Start of Block

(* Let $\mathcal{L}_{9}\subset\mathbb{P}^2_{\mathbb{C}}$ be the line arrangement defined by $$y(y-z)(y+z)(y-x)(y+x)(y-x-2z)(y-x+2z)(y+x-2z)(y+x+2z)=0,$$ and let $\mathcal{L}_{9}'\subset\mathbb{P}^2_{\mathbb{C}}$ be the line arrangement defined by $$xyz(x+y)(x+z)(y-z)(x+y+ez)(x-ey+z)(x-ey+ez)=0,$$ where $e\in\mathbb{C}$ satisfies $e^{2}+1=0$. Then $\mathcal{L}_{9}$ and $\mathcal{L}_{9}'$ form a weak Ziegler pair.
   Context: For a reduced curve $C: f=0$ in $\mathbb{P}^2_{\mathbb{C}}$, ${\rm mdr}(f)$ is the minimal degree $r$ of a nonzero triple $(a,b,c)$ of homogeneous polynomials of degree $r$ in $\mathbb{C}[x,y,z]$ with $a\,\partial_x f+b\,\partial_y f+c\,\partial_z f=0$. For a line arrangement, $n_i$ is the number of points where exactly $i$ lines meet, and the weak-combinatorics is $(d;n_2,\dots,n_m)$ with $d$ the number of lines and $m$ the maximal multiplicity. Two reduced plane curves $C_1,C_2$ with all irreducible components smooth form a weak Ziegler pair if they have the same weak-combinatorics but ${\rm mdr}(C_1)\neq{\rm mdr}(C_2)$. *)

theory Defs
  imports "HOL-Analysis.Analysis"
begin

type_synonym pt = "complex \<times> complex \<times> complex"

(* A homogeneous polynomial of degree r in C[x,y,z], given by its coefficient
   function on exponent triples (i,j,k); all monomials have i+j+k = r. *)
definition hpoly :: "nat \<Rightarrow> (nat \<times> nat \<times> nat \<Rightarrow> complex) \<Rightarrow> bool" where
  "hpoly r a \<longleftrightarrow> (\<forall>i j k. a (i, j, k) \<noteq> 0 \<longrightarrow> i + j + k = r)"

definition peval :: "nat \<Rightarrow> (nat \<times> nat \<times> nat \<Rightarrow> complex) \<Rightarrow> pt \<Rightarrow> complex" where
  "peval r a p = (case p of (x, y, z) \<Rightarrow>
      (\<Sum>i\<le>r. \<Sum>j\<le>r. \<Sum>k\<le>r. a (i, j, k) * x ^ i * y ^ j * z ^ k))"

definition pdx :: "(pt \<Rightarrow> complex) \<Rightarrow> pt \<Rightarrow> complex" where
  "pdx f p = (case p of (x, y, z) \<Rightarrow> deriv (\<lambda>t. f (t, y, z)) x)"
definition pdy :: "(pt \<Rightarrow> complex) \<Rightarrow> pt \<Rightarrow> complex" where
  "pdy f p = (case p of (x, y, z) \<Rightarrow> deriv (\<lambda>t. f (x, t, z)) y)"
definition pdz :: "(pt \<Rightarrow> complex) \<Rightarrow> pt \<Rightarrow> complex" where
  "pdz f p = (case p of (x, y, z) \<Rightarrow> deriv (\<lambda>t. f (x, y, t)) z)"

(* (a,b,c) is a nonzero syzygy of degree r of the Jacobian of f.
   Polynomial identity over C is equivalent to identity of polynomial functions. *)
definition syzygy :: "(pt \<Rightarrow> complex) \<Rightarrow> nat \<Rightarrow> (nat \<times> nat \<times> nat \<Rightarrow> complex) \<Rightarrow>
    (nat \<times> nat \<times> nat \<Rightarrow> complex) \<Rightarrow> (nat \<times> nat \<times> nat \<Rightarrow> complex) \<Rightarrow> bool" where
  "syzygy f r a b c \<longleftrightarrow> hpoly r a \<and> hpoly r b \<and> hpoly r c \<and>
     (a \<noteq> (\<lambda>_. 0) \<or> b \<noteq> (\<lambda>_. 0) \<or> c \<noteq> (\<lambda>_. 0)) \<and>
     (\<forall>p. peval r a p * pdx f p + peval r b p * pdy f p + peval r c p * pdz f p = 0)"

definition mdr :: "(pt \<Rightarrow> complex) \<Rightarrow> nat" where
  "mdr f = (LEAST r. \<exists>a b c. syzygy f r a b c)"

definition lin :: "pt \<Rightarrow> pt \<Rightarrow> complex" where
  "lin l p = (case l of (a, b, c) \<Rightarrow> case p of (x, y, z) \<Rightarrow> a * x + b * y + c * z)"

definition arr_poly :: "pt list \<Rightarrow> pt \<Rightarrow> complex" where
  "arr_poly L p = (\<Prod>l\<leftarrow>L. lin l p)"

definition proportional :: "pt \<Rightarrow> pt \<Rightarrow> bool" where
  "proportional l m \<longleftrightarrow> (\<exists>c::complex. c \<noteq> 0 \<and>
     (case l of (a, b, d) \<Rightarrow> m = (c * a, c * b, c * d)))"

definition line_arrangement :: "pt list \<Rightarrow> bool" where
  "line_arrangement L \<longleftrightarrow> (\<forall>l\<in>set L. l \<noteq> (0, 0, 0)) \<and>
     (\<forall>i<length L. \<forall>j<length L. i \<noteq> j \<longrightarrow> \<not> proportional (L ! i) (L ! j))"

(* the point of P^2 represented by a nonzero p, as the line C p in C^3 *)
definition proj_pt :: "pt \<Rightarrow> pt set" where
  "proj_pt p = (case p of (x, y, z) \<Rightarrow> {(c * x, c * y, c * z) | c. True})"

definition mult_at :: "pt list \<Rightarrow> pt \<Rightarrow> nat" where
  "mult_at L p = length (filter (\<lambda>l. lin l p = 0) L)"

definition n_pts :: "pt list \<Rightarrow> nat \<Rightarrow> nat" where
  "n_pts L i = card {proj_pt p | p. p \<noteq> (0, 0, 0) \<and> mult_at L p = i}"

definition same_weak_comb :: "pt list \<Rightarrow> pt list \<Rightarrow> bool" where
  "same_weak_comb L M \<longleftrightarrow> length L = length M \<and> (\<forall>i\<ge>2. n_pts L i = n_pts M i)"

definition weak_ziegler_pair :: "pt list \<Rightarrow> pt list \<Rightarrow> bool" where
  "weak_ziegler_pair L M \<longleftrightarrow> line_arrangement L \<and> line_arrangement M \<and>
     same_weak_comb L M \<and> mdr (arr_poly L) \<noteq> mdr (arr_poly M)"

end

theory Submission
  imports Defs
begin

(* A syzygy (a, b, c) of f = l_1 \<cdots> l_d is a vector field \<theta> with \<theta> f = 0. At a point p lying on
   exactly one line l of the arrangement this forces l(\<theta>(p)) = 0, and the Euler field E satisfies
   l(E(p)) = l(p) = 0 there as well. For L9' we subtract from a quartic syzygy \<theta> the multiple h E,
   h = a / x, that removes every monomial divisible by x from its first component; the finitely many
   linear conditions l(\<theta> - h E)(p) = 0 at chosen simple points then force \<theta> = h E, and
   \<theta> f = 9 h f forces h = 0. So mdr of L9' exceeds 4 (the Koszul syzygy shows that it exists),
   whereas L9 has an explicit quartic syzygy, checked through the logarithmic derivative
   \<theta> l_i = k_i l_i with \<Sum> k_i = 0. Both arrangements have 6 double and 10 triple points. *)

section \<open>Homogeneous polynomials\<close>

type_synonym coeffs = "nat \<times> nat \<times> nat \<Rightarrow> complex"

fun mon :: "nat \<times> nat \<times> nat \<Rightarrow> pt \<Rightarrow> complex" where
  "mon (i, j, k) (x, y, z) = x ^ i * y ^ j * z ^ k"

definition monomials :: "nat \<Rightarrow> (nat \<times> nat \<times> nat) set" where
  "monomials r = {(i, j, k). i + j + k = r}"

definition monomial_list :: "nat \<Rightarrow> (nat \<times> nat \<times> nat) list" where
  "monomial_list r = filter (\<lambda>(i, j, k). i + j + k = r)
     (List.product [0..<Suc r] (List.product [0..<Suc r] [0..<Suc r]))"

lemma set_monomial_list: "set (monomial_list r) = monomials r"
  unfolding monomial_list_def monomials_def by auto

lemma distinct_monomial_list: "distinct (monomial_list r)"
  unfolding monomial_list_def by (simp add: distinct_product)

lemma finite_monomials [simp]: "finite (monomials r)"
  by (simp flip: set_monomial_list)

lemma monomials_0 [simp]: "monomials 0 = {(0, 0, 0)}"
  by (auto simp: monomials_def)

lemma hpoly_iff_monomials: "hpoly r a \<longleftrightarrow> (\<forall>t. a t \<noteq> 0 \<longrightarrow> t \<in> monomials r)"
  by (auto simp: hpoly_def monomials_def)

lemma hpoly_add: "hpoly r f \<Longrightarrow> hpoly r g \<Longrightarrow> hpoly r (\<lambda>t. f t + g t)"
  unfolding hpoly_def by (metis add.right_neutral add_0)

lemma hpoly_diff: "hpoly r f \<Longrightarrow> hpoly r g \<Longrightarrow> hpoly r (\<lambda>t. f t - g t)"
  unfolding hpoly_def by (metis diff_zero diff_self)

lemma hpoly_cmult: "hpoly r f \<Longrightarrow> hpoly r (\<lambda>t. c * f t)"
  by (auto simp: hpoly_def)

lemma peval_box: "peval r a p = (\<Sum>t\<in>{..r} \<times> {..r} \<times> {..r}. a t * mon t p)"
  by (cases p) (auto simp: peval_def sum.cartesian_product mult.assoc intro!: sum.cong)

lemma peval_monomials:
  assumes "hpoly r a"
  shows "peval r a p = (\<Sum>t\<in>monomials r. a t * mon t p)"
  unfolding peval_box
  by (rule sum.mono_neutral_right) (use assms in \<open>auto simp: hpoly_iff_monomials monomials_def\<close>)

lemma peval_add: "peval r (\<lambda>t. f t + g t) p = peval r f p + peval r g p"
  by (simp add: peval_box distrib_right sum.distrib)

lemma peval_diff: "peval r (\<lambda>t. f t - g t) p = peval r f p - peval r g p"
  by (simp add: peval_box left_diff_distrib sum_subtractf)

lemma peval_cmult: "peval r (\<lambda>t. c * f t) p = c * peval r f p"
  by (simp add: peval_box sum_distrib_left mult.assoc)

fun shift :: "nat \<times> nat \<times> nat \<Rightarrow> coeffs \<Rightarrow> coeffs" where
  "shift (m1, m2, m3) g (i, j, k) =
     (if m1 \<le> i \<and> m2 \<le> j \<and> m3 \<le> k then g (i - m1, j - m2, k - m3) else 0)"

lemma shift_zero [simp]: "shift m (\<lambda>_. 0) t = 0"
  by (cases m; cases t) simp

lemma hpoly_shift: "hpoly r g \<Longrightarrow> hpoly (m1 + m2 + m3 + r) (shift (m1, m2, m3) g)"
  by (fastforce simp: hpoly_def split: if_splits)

End of Block

### WORK TO COMPLETE
From the records above, quote only the lines running from the line with "by (auto simp: monomials_def)" to the line with "hpoly r (\<lambda>t. f t +", both lines included.

### ANSWER
  by (auto simp: monomials_def)

lemma hpoly_iff_monomials: "hpoly r a \<longleftrightarrow> (\<forall>t. a t \<noteq> 0 \<longrightarrow> t \<in> monomials r)"
  by (auto simp: hpoly_def monomials_def)

lemma hpoly_add: "hpoly r f \<Longrightarrow> hpoly r g \<Longrightarrow> hpoly r (\<lambda>t. f t + g t)"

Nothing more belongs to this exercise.